SBS chief political correspondent Brett Mason reports from Dhaka, Bangladesh
Bangladesh’s high commissioner to Australia has urged the Australian government to consider new trade opportunities with the country, including the potential to supply it with 80 million tonnes of coal over the next five years.
SBS News is currently in Bangladesh as part of a parliamentary learning tour organised by Save the Children.
Speaking to SBS News ahead of the trip, Mohammad Sufiur Rahman said Bangladesh’s controversial plans to construct 29 new power stations over the next two decades would require a “huge quantum” of coal to power them.
“We’ll have to source it from places, either Indonesia, or Australia, or maybe South Africa,” he said.
Mr Rahman began spruiking the "enormous" export opportunity to the Australian media last year and doubled down on it in his interview with SBS News.
“The quality and calorific value of Australian coal is much better in comparison to other sources,” he said.
Climate impact
Bangladesh has the sixth-highest number of current and proposed coal-powered projects compared to the rest of the world, according to environmental advocacy group Market Forces.
But the nation is also particularly vulnerable to climate change, with fears a projected half a metre sea-level rise by 2050 could leave 11 per cent of the country's landmass underwater and 15 million people displaced.
Bangladesh’s plans to construct 29 new coal-fired power plants throughout the country despite the ecological ramifications have come under fire from environmentalists and local residents.“It’s one of the world’s largest carbon bombs and just absolutely incompatible with meeting the goals of the Paris Agreement,” Market Forces executive director Julien Vincent said.
Bangladesh is the world's seventh most vulnerable country to climate change. Source: SBS News
“We have no room left, according to climate scientists, to expand the fossil fuel industry whatsoever, so we can’t afford to be building new coal power stations … so to be doing that, 29 times, which is what is planned in Bangladesh, is just out of this world.”
Mr Vincent said Bangladesh was being treated as “one of the last refuges” of the coal industry, with Australia eager to find new marketplaces for exporting coal.
'Why we opposed coal'
Rafiqul Islam, a 60-year-old farmer from Sholo Ani village in Dhaka, told SBS News he protested when he heard a coal-burning power plant would be built near his farm.
“We’ve heard that coal has a bad impact. Trees don’t bear fruit, children have health problems. That’s why we opposed coal,” he said.Mr Islam said the state-owned Rural Power Company Limited (RPCL) acquired his land after filing a lawsuit against the villagers. He said the compensation he and others got isn’t adequate.
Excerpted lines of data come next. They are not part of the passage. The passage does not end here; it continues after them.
lemma prod_one_plus_average_pair_gt:
  fixes x :: "'a \<Rightarrow> real" and lam :: real
  assumes "finite A" "a \<in> A" "b \<in> A" "a \<noteq> b" "x a \<noteq> x b" "lam \<noteq> 0"
    and "\<And>i. i \<in> A \<Longrightarrow> 0 < 1 + lam * x i"
  defines "y \<equiv> x(a := (x a + x b) / 2, b := (x a + x b) / 2)"
  shows "(\<Prod>i\<in>A. 1 + lam * x i) < (\<Prod>i\<in>A. 1 + lam * y i)"
proof -
  define R where "R = (\<Prod>i\<in>A - {a} - {b}. 1 + lam * x i)"
  have split: "(\<Prod>i\<in>A. f i) = f a * (f b * (\<Prod>i\<in>A - {a} - {b}. f i))" for f :: "'a \<Rightarrow> real"
    using assms(1-4) by (simp add: prod.remove)
  have "R > 0" unfolding R_def using assms(7) by (intro prod_pos) auto
  have y_rest: "(\<Prod>i\<in>A - {a} - {b}. 1 + lam * y i) = R"
    unfolding R_def y_def by (intro prod.cong) auto
  have "(1 + lam * y a) * (1 + lam * y b) = (1 + lam * x a) * (1 + lam * x b) + (lam * (x a - x b) / 2)\<^sup>2"
    using assms(4) by (simp add: y_def power2_eq_square field_simps)
  moreover have "(lam * (x a - x b) / 2)\<^sup>2 > 0" using assms(5,6) by simp
  ultimately show ?thesis
    using \<open>R > 0\<close> split[of "\<lambda>i. 1 + lam * x i"] split[of "\<lambda>i. 1 + lam * y i"]
    by (simp add: y_rest R_def[symmetric] mult.assoc[symmetric])
qed

lemma exec_strategy_average_pair:
  assumes "exec_strategy N K n" "a \<in> {1..K}" "b \<in> {1..K}" "a \<noteq> b"
  shows "exec_strategy N K (n(a := (n a + n b) / 2, b := (n a + n b) / 2))"
proof -
  have split: "(\<Sum>i=1..K. f i) = f a + (f b + (\<Sum>i\<in>{1..K} - {a} - {b}. f i))" for f :: "nat \<Rightarrow> real"
    using assms(2-4) by (simp add: sum.remove)
  show ?thesis
    using assms split[of n] split[of "n(a := (n a + n b) / 2, b := (n a + n b) / 2)"]
    unfolding exec_strategy_def by (auto intro!: sum.cong add_pos_pos)
qed

lemma exec_strategy_Max_le:
  assumes "exec_strategy N K n" "K \<ge> 1"
  shows "Max (n ` {1..K}) \<le> N"
proof -
  have "Max (n ` {1..K}) \<in> n ` {1..K}" using assms(2) by (intro Max_in) auto
  then obtain i where i: "i \<in> {1..K}" "Max (n ` {1..K}) = n i" by auto
  have "n i \<le> (\<Sum>k=1..K. n k)"
    using assms(1) i(1) unfolding exec_strategy_def by (intro member_le_sum) (auto intro: less_imp_le)
  then show ?thesis using assms(1) i(2) unfolding exec_strategy_def by simp
qed

lemma avg_price_eq_impact:
  assumes "lam \<noteq> 0"
  shows "avg_price S lam N K n = (kth_price S lam n K - S) / (lam * N)"
proof -
  have "(\<Sum>k=1..K. n k * kth_price S lam n (k - 1)) = S * (\<Sum>k=1..K. n k * (\<Prod>j=1..k-1. 1 + lam * n j))"
    unfolding kth_price_def by (simp add: sum_distrib_left mult_ac)
  then have "kth_price S lam n K - S = lam * (\<Sum>k=1..K. n k * kth_price S lam n (k - 1))"
    using sum_prod_one_plus_telescope[of lam n K] unfolding kth_price_def
    by (simp add: mult.left_commute[of lam] right_diff_distrib)
  then show ?thesis
    using assms unfolding avg_price_def by simp
qed

lemma kth_price_ge_quadratic:
  assumes "S \<ge> 0" "lam \<ge> 0" "K \<ge> 1" "exec_strategy N K n"
  shows "S * (1 + lam * N + lam\<^sup>2 * N * (N - Max (n ` {1..K})) / 2) \<le> kth_price S lam n K"
proof -
  define M where "M = Max (n ` {1..K})"
  define e2 where "e2 = (\<Sum>k=1..K. n k * (\<Sum>j=1..k-1. n j))"
  have pos: "\<And>k. k \<in> {1..K} \<Longrightarrow> 0 < n k" and total: "(\<Sum>k=1..K. n k) = N"
    using assms(4) unfolding exec_strategy_def by auto
  have "(\<Sum>k=1..K. (n k)\<^sup>2) \<le> (\<Sum>k=1..K. M * n k)"
    using pos unfolding M_def power2_eq_square
    by (intro sum_mono mult_right_mono) (auto intro: less_imp_le)
  then have "N * (N - M) \<le> 2 * e2"
    using sum_ordered_pairs[of n K] total unfolding e2_def
    by (simp add: sum_distrib_left[symmetric] power2_eq_square algebra_simps)
  then have "lam\<^sup>2 * N * (N - M) / 2 \<le> lam\<^sup>2 * e2"
    using mult_left_mono[of "N * (N - M)" "2 * e2" "lam\<^sup>2"] by simp
  moreover have "1 + (\<Sum>k=1..K. lam * n k) + (\<Sum>k=1..K. lam * n k * (\<Sum>j=1..k-1. lam * n j))
      \<le> (\<Prod>k=1..K. 1 + lam * n k)"
    using pos assms(2) by (intro prod_one_plus_ge_second_order) (simp add: less_imp_le)
  then have "1 + lam * N + lam\<^sup>2 * e2 \<le> (\<Prod>k=1..K. 1 + lam * n k)"
    unfolding e2_def total[symmetric]
    by (simp add: sum_distrib_left power2_eq_square mult_ac)
  ultimately have "1 + lam * N + lam\<^sup>2 * N * (N - M) / 2 \<le> (\<Prod>k=1..K. 1 + lam * n k)"
    by linarith
  then show ?thesis
    using assms(1) unfolding M_def kth_price_def by (rule mult_left_mono)
qed

lemma kth_price_le_exp:
  assumes "S \<ge> 0" "lam \<ge> 0" "exec_strategy N K n"
  shows "kth_price S lam n K \<le> S * exp (lam * N)"
proof -
  have "(\<Prod>k=1..K. 1 + lam * n k) \<le> exp (\<Sum>k=1..K. lam * n k)"
    using assms(2,3) unfolding exec_strategy_def
    by (intro prod_one_plus_le_exp_sum) (auto intro!: add_nonneg_nonneg mult_nonneg_nonneg simp: less_imp_le)
  then show ?thesis
    using assms unfolding kth_price_def exec_strategy_def
    by (simp add: sum_distrib_left[symmetric] mult_left_mono)
qed

lemma kth_price_le_equal_sizes:
  assumes "S \<ge> 0" "lam \<ge> 0" "K \<ge> 1" "exec_strategy N K m"
  shows "kth_price S lam m K \<le> S * (1 + lam * N / K) ^ K"
proof -
  have pos: "\<And>k. k \<in> {1..K} \<Longrightarrow> 0 < m k" and total: "(\<Sum>k=1..K. m k) = N"
    using assms(4) unfolding exec_strategy_def by auto
  have "(\<Prod>k=1..K. 1 + lam * m k) \<le> ((\<Sum>k=1..K. 1 + lam * m k) / card {1..K}) ^ card {1..K}"
    using assms(2,3) pos by (intro prod_le_mean_power) (auto simp: less_imp_le)
  also have "(\<Sum>k=1..K. 1 + lam * m k) / card {1..K} = 1 + lam * N / K"
    using assms(3) total by (simp add: sum.distrib sum_distrib_left[symmetric] field_simps)
  finally show ?thesis
    using assms(1) unfolding kth_price_def by (simp add: mult_left_mono)
qed

lemma kth_price_equal_sizes:
  assumes "\<forall>k\<in>{1..K}. n k = N / K"
  shows "kth_price S lam n K = S * (1 + lam * N / K) ^ K"
  using assms unfolding kth_price_def by simp

lemma kth_price_lt_average_pair:
  assumes "S > 0" "lam > 0" "exec_strategy N K n" "a \<in> {1..K}" "b \<in> {1..K}" "n a \<noteq> n b"
  shows "kth_price S lam n K < kth_price S lam (n(a := (n a + n b) / 2, b := (n a + n b) / 2)) K"
proof -
  have "(\<Prod>k=1..K. 1 + lam * n k) < (\<Prod>k=1..K. 1 + lam * (n(a := (n a + n b) / 2, b := (n a + n b) / 2)) k)"
    using assms unfolding exec_strategy_def
    by (intro prod_one_plus_average_pair_gt) (auto intro: add_pos_pos)
  then show ?thesis using assms(1) unfolding kth_price_def by simp
qed

lemma kth_price_max_iff_equal_sizes:
  assumes "S > 0" "lam > 0" "K \<ge> 1" "exec_strategy N K n"
  shows "(\<forall>m. exec_strategy N K m \<longrightarrow> kth_price S lam m K \<le> kth_price S lam n K)
    \<longleftrightarrow> (\<forall>k\<in>{1..K}. n k = N / K)"
proof
  assume max: "\<forall>m. exec_strategy N K m \<longrightarrow> kth_price S lam m K \<le> kth_price S lam n K"
  have const: "n k = n 1" if "k \<in> {1..K}" for k
  proof (rule ccontr)
    assume "n k \<noteq> n 1"
    then have "kth_price S lam n K < kth_price S lam (n(k := (n k + n 1) / 2, 1 := (n k + n 1) / 2)) K"
      using assms that by (intro kth_price_lt_average_pair) auto
    moreover have "exec_strategy N K (n(k := (n k + n 1) / 2, 1 := (n k + n 1) / 2))"
      using assms \<open>n k \<noteq> n 1\<close> that by (intro exec_strategy_average_pair) auto
    ultimately show False using max by (meson not_le)
  qed
  have "(\<Sum>k=1..K. n k) = (\<Sum>k=1..K. n 1)"
    by (rule sum.cong[OF refl const])
  then have "N = K * n 1"
    using assms(4) unfolding exec_strategy_def by simp
  then have "n 1 = N / K"
    using assms(3) by simp
  then show "\<forall>k\<in>{1..K}. n k = N / K"
    using const by simp
next
  assume "\<forall>k\<in>{1..K}. n k = N / K"
  then show "\<forall>m. exec_strategy N K m \<longrightarrow> kth_price S lam m K \<le> kth_price S lam n K"
    using assms kth_price_le_equal_sizes[of S lam K N] kth_price_equal_sizes[of K n N S lam] by simp
qed

theorem theorem5p1:
  fixes S lam N :: real and K :: nat and n :: "nat \<Rightarrow> real"
  assumes "S > 0" and "lam > 0" and "N > 0" and "K \<ge> 1"
    and "exec_strategy N K n"
  shows "S + lam * S * N \<le> kth_price S lam n K
      \<and> kth_price S lam n K \<le> S * exp (lam * N)
      \<and> S + (1/2) * lam * S * (N - Max (n ` {1..K})) \<le> avg_price S lam N K n
      \<and> avg_price S lam N K n \<le> S * (exp (lam * N) - 1) / (lam * N)
      \<and> ((\<forall>m. exec_strategy N K m \<longrightarrow> kth_price S lam m K \<le> kth_price S lam n K)
           \<longleftrightarrow> (\<forall>k\<in>{1..K}. n k = N / real K))
      \<and> ((\<forall>m. exec_strategy N K m \<longrightarrow> kth_price S lam m K - S \<le> kth_price S lam n K - S)
           \<longleftrightarrow> (\<forall>k\<in>{1..K}. n k = N / real K))
      \<and> ((\<forall>m. exec_strategy N K m \<longrightarrow> avg_price S lam N K m \<le> avg_price S lam N K n)
           \<longleftrightarrow> (\<forall>k\<in>{1..K}. n k = N / real K))"
proof -
  define M where "M = Max (n ` {1..K})"
  have "lam * N > 0" using assms by simp
  have avg: "\<And>m. avg_price S lam N K m = (kth_price S lam m K - S) / (lam * N)"
    using assms(2) by (simp add: avg_price_eq_impact)
  have quad: "S * (1 + lam * N + lam\<^sup>2 * N * (N - M) / 2) \<le> kth_price S lam n K"
    unfolding M_def using assms by (intro kth_price_ge_quadratic) auto
  have "0 \<le> S * lam\<^sup>2 * N * (N - M)"
    unfolding M_def using assms exec_strategy_Max_le by simp
  moreover have "S * (1 + lam * N + lam\<^sup>2 * N * (N - M) / 2) = S + lam * S * N + S * lam\<^sup>2 * N * (N - M) / 2"
    by (simp add: algebra_simps)
  ultimately have lower: "S + lam * S * N \<le> kth_price S lam n K"
    using quad by linarith
  have upper: "kth_price S lam n K \<le> S * exp (lam * N)"
    using assms by (intro kth_price_le_exp) auto
  have "S + (1/2) * lam * S * (N - M) = S * (lam * N + lam\<^sup>2 * N * (N - M) / 2) / (lam * N)"
    using assms by (simp add: field_simps power2_eq_square)
  with quad have avg_lower: "S + (1/2) * lam * S * (N - M) \<le> avg_price S lam N K n"
    unfolding avg using \<open>lam * N > 0\<close> by (simp add: divide_right_mono algebra_simps)
  have avg_upper: "avg_price S lam N K n \<le> S * (exp (lam * N) - 1) / (lam * N)"
    unfolding avg using upper \<open>lam * N > 0\<close> by (simp add: divide_right_mono right_diff_distrib)
  have "\<And>m. avg_price S lam N K m \<le> avg_price S lam N K n \<longleftrightarrow> kth_price S lam m K \<le> kth_price S lam n K"
    unfolding avg using \<open>lam * N > 0\<close> by (simp add: divide_le_cancel)
  then show ?thesis
    using lower upper avg_lower avg_upper kth_price_max_iff_equal_sizes[OF assms(1,2,4,5)]
    unfolding M_def by simp
qed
Farmer Rafiqul Islam fears for his future. Source: SBS News
“They filed cases against us, so we were forced to give them the land. We’re common people. They’re the government. We didn’t have the strength to stop them.”
RPCL has assured local residents that the power station would use gas, not coal, but Mr Islam isn’t convinced, saying he has fears for the mental health of those impacted.
“If this turns out to be a coal plant, then we’ll have no option but to suicide, because our fields and livelihoods will be ruined,” he said.Paying tribute to the victims of the Australian bushfires, members of the Bangladesh parliament’s Foreign Affairs Committee told a group of visiting Australian parliamentarians, including Labor's Home Affairs spokesperson Kristina Keneally, last week that despite the criticisms, climate change is at the centre of every policy decision.
Bangladesh parliament’s Foreign Affairs Committee welcomes a delegation of Australian parliamentarians. Source: SBS News
“Everyone in Bangladesh knows that climate change is happening - because we live it every day, whether we like it or not”, Bangladesh MP Kazil Nabil Ahmed said.
“There are no climate change deniers in Bangladesh.”
Convenor of the Bangladesh Climate Parliament, Nahim Razzaq, said he isn’t entirely comfortable with his country’s heavy investment in coal-fired power stations.
“Technology is great but technology costs money ... and renewables are very, very expensive," he said.
"I think there is room for huge, huge collaboration [between Australia and Bangladesh] on developing more cost-effective alternatives.
“This is starting to happen, but it is not happening fast enough.”
Nahim Razzaq, Convenor Bangladesh Climate Parliament. Source: SBS News
Like Mr Razzaq, high commissioner Mr Rahman is also optimistic that this is an “era of change” for the Indian Ocean region.
“Bangladesh and Australia can exchange many things and try to create the confidence in our own region,” he said.
“I'm not saying that you accept whatever we say, what I demand is that you go and study Bangladesh and make your own judgement.”
Brett Mason travelled to Bangladesh as part of the Australian Regional Leadership Initiative, funded by the Gates Foundation.